By Father J. Daniel Atkins, Holy Family Catholic Church, New Albany, Indiana

My brother Tom is a picky eater. He refuses to eat casseroles. He says, “I won’t eat anything that looks like it has already been eaten.” Likewise, he won’t eat whole wheat or whole grain bread. He calls it “dirty bread.” I don’t know if Tom has ever been hungry enough to eat casserole and dirty bread.

In the gospel today people turn up their noses at the bread set before them. “The Jews started to murmur in protest because Jesus claimed, “I am the bread that came down from heaven.” They kept saying: “Is this not Jesus, the son of Joseph? Do we not know his father and mother? How can he claim to come down from heaven?” Earlier they had demanded a sign from Jesus. They said, “Moses gave us manna in the desert; what miracle will you work to prove you are from God.”

Jesus was not a bread to their liking. In my brother’s words he was dirty bread. Coarse. Ordinary. Unrefined. “He’s the son of peasants,” they said. And Jesus, in response says, “Stop your murmuring. Murmuring here in Greek is not just the word for “whispering”. It is also the gurgling sound that one makes before he heaves his cookies. Sorry…… Jesus was not just distasteful to them. He made them sick. The way I feel every time I try to eat liver.

“No matter what you may think,” Jesus says, “I am the bread of God. I am all heaven is going to give you. You will die in your hunger if you choke on me.” Now if we were Jewish – as most of the people were for whom the gospel of John was written – we would remember that the Israelites grumbled and complained and nearly died in the desert when they got tired of eating manna. Even “bread from the sky” gets old, I guess, after a while.

When Jesus says “I am the bread of life” he is saying, “I know that I am coarse and ordinary, but I am the bread that keeps you alive. I am the bread that people make when they go on a long journey. I am the bread that women make for their sons and husbands when they go up into the hills to pasture their sheep. I am the bread that will not mold and rot after a few days. I am the bread with a crust so hard it must be broken against a rock. Torn with both hands. I am the bread that must be mauled before I can be swallowed. I am the bread that stays with you.”
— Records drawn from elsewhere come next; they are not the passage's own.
theorem theorem3:
  fixes s :: 'a and N rs :: "'a set" and r :: "'a \<Rightarrow> 'a set"
    and act :: "'a \<Rightarrow> (real \<times> 'a set) option"
    and h :: 'a and g :: "'a set \<Rightarrow> 'a"
  assumes net: "valid_network s N rs r"
    and feas: "feasible s N rs r act"
    and h_max: "h \<in> part N act" "\<forall>j\<in>part N act. rval act j \<le> rval act h"
    and g_tie: "\<forall>D. D \<subseteq> part N act \<and> D \<noteq> {} \<longrightarrow> g D \<in> D \<and>
        (\<forall>j\<in>D. v1st act (Vset s rs N act j) \<le> v1st act (Vset s rs N act (g D)))"
  shows "v2nd act (rs \<inter> part N act)
           \<le> v1st act (Nminus s rs N act {hd (sca_seq s rs N act h)})
         \<and> v1st act (Nminus s rs N act {hd (sca_seq s rs N act h)})
           \<le> fdm_revenue s rs N act h g"
proof -
  interpret fdm_profile s N rs r act h g
    by unfold_locales (use net feas h_max in auto)
  show ?thesis
    using v2nd_seller_neighbours_le_v1st_Nminus[OF finite_part] idm_revenue_le_fdm_revenue by blast
qed

end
Here in this beautiful house, at this beautiful altar, surrounded by beautiful music and polite people, it may be difficult to see what all the fuss is about. “What’s not to like about Jesus?” we ask.
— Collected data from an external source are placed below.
lemma tree_node_prefix:
  assumes "tree_node r i t" and "p \<noteq> []" and "prefix p t"
  shows "tree_node r i p"
proof -
  have len: "length p \<le> length t"
    using assms(3) prefix_length_le by blast
  have "p ! j = t ! j" if "j < length p" for j
    using assms(3) that by (metis prefix_def nth_append)
  then show ?thesis
    using assms len unfolding tree_node_def by (auto simp del: lessI)
qed

lemma prefix_set_Nil [simp]: "prefix_set [] = {}"
  by (simp add: prefix_set_def)

lemma prefix_set_eq: "prefix_set t = set (prefixes t) - {[]}"
  by (auto simp: prefix_set_def)

lemma finite_prefix_set: "finite (prefix_set t)"
  by (simp add: prefix_set_eq)

lemma card_prefix_set: "card (prefix_set t) = length t"
  by (simp add: prefix_set_eq distinct_card[OF distinct_prefixes])

lemma prefix_set_snoc: "prefix_set (t @ [e]) = insert (t @ [e]) (prefix_set t)"
  by (auto simp: prefix_set_def prefix_append prefix_Cons intro: prefix_prefix)

lemma snoc_notin_prefix_set: "t @ [e] \<notin> prefix_set t"
  by (auto simp: prefix_set_def dest: prefix_length_le)

lemma finite_common_prefixes: "finite (common_prefixes u w)"
  by (rule finite_subset[OF _ finite_prefix_set[of u]]) (auto simp: common_prefixes_def prefix_set_def)

lemma less_append_Cons: "(x :: 'a::linorder list) < x @ b # z"
  by (induction x) auto

lemma strict_prefix_imp_less:
  assumes "strict_prefix x y"
  shows "x < (y :: 'a::linorder list)"
proof -
  obtain zs where "y = x @ zs" "zs \<noteq> []"
    using assms by (auto simp: strict_prefix_def prefix_def)
  then obtain b z where "y = x @ b # z"
    by (auto simp: neq_Nil_conv)
  then show ?thesis
    using less_append_Cons by simp
qed

lemma branch_less_iff: "a \<noteq> b \<Longrightarrow> ((p @ a # u :: 'a::linorder list) < p @ b # w) \<longleftrightarrow> a < b"
  by (induction p) auto

lemma tree_arc_parallel: "x \<parallel> y \<Longrightarrow> tree_arc x y \<longleftrightarrow> x < y"
  by (auto simp: tree_arc_def parallel_def strict_prefix_def)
Have we forgotten how this feast was made possible? How any meal is made possible? The Benedictine Aidan Kavanaugh puts it this way: “any meal begins in the soil, in the barnyard, in slaughterhouse; amid the quiet violence of the garden, strangled cries, and fat spitting in the pan. Table manners depend on something being grabbed by the throat…”

Every meal is a sacrifice. Every time we sit down at a table we nourish ourselves with a life sacrificed for us. If we do not pray before taking up the fork and knife it is because we have forgotten the price paid for our meal. If our children play with the food we set before them perhaps it is because they have never seen how the chicken gets from the barnyard to the plate.

The soft white wafer and sweet cup of wine cup come from something’s being crushed, pruned, and harvested. The Bread of Life and the Cup of Salvation come to us through Jesus’ life being crushed in the jaws of death for each one of us. And here is something that may be distasteful to us…St. Paul tells us that our eating and drinking is a participation in, a sharing in the death of the Lord. When we eat and drink in here we pledge to become…out there. We promise to let ourselves be crushed, pruned, and harvested for the life of the world. The world will have us for breakfast if we try to live like Christ. Now there’s a cheerful thought as we’re standing in the communion line.

“I am the bread of life,” Jesus tells us. “If you eat this bread you shall live forever; the bread I give is my own flesh and blood for the life of the world.” A coarse, but costly, bread. A bitter, yet precious, cup. Not to everyone’s taste. Are we hungry enough to eat and drink?